* [DIRECTIONS FOR THIS TASK]
Copy each line of the listing below where the word "rule" turns up.

*** SUPPLIED DATA

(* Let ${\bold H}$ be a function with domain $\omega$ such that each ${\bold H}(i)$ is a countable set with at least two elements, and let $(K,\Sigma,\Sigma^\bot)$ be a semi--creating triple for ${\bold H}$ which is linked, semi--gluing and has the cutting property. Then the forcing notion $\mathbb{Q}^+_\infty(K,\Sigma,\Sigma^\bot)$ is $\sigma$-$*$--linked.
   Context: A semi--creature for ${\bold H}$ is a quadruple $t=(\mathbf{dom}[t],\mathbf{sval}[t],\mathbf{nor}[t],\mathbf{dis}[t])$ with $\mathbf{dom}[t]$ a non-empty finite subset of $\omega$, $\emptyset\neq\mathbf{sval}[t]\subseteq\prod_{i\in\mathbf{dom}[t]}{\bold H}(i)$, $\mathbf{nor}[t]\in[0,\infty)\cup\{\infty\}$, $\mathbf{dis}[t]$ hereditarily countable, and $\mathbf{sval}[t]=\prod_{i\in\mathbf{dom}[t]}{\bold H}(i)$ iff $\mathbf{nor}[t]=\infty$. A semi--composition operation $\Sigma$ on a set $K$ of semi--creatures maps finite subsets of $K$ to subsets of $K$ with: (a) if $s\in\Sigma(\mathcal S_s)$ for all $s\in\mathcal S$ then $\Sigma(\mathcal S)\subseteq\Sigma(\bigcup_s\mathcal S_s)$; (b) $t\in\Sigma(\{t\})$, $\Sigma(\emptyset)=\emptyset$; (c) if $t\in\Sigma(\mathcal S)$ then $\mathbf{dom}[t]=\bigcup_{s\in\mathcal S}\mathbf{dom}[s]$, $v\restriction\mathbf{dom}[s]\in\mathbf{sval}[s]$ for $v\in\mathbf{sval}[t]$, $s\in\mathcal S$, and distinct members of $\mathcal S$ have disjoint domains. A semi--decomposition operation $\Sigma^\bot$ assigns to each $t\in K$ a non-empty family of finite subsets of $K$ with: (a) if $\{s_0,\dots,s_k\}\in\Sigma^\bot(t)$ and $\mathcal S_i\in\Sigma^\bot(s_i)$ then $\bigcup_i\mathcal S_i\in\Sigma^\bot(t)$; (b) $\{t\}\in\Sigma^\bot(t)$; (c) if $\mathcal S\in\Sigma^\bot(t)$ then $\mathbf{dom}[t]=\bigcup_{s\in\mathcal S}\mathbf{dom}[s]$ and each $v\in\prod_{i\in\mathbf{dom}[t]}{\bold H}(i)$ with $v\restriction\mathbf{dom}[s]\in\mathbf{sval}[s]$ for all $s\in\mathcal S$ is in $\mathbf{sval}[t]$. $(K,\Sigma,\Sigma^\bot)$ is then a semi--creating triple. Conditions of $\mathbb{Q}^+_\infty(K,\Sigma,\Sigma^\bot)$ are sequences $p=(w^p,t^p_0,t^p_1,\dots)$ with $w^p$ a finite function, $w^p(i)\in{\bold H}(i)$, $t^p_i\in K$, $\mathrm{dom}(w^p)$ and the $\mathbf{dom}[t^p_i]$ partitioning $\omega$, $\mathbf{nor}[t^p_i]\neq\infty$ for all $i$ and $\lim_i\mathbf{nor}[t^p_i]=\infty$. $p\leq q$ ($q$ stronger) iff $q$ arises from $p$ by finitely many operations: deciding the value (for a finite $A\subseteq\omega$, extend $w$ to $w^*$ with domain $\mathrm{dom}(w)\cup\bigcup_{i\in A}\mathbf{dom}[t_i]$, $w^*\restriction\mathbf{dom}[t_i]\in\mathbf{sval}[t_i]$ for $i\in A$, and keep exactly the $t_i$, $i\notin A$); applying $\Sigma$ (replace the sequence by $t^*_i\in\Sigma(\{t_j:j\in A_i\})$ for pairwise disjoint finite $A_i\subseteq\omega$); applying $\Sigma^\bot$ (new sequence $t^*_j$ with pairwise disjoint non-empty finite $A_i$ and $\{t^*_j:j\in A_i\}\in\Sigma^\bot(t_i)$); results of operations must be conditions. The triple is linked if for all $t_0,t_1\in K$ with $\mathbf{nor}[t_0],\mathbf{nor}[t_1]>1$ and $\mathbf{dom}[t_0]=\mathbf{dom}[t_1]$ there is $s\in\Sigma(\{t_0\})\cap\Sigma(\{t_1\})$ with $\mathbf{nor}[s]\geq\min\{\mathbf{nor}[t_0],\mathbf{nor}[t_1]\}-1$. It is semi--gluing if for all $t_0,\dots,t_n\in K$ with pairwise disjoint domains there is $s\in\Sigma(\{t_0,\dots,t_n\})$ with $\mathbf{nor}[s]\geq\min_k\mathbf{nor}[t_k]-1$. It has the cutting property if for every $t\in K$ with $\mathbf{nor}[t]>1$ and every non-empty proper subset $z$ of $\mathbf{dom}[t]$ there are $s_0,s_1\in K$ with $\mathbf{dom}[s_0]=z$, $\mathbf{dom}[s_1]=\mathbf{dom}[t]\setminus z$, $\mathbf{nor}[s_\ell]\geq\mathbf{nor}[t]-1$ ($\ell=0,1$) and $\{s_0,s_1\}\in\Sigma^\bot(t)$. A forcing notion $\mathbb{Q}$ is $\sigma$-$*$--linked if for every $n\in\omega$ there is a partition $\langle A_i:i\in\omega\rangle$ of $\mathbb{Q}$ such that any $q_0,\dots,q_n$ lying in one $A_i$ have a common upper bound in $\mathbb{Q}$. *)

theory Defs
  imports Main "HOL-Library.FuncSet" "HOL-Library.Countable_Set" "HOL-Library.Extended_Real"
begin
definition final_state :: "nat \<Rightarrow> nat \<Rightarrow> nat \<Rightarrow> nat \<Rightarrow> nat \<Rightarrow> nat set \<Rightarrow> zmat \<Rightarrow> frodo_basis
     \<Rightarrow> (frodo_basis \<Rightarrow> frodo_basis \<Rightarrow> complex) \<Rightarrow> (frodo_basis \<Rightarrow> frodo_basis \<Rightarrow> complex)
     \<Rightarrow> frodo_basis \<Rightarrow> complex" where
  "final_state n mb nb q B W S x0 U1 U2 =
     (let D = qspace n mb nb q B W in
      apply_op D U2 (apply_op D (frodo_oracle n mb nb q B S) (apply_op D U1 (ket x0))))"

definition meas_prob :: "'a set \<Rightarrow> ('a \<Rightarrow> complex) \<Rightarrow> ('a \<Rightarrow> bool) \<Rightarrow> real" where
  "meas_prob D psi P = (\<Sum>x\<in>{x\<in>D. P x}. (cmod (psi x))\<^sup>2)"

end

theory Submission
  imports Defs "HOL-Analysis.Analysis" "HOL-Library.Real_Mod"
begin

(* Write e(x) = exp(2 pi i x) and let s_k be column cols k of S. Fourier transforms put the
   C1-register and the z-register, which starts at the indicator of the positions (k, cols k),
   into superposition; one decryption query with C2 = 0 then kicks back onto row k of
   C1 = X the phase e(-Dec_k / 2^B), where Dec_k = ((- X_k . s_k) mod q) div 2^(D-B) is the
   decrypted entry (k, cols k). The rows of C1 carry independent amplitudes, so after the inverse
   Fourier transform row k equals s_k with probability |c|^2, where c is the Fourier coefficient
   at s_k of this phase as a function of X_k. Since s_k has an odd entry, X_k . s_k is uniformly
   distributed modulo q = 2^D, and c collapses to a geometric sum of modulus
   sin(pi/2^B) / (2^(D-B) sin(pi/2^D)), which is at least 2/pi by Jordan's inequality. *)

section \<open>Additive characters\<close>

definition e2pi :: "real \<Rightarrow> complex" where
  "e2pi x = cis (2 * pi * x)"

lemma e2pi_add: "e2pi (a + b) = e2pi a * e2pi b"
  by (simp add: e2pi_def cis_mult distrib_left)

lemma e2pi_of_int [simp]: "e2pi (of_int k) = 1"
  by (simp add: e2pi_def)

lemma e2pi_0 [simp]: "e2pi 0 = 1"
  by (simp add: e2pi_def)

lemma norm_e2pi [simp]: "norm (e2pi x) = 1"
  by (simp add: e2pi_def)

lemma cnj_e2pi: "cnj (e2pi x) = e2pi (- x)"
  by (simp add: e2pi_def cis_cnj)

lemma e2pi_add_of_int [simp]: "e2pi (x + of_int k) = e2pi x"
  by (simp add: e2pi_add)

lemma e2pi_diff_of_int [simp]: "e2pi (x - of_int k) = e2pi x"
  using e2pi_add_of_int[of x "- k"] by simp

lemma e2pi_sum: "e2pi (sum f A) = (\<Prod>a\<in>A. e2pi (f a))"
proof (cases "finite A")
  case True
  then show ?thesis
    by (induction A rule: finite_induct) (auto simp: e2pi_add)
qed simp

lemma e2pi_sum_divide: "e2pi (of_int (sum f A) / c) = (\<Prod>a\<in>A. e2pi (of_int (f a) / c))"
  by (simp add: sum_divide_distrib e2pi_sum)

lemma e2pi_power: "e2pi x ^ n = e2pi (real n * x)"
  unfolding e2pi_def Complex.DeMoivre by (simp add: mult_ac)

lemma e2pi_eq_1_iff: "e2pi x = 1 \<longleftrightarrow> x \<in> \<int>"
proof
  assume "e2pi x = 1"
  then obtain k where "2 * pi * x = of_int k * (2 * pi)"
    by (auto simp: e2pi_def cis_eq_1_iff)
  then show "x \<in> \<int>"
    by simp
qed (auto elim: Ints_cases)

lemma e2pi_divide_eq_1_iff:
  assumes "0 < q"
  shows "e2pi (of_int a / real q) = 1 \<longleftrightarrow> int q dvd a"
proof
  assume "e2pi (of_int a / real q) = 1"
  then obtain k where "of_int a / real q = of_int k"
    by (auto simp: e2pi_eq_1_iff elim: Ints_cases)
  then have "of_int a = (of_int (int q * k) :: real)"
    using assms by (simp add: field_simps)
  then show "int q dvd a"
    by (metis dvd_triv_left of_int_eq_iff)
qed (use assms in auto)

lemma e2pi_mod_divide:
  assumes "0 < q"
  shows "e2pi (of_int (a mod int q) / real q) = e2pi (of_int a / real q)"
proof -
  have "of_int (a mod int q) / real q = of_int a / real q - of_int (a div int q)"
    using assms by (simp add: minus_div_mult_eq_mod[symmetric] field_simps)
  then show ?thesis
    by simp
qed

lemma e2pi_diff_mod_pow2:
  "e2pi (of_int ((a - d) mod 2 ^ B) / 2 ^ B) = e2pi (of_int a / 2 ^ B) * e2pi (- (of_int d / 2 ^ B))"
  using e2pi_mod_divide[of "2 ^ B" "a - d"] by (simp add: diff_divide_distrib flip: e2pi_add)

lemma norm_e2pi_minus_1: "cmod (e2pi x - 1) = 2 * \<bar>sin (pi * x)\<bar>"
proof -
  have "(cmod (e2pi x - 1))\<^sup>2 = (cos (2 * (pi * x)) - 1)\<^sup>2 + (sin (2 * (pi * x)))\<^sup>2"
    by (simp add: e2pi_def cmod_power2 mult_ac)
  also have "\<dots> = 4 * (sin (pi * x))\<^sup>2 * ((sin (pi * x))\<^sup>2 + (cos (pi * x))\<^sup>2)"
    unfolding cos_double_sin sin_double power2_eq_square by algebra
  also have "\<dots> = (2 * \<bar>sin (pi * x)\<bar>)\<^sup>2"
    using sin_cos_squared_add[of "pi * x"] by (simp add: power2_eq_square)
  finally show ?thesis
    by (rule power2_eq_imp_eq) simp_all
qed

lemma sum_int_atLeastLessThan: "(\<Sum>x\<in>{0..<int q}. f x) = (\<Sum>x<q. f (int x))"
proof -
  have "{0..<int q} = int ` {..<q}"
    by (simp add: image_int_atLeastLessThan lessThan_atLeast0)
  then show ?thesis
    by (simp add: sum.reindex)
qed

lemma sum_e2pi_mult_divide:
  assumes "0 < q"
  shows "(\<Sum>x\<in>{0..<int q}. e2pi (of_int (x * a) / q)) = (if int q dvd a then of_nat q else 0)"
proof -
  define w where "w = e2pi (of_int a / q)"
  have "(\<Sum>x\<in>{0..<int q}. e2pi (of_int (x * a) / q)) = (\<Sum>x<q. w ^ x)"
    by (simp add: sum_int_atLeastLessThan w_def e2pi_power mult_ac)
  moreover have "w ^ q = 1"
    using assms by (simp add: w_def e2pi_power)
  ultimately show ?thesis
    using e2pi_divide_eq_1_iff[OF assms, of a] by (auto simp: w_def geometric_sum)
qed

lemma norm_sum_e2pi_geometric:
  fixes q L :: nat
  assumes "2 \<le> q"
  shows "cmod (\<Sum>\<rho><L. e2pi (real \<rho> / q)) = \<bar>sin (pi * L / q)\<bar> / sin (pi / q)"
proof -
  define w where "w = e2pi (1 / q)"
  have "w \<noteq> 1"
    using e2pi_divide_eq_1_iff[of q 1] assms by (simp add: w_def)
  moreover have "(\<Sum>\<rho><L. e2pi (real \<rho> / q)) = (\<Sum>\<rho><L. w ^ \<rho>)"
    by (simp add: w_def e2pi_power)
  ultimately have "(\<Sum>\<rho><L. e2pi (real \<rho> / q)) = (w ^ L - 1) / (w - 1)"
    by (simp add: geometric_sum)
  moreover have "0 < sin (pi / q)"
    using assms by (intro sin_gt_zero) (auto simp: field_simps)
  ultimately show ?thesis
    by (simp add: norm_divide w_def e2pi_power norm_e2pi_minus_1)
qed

******

* [ANSWER TO THE PROBLEM]
    by (induction A rule: finite_induct) (auto simp: e2pi_add)
    by (rule power2_eq_imp_eq) simp_all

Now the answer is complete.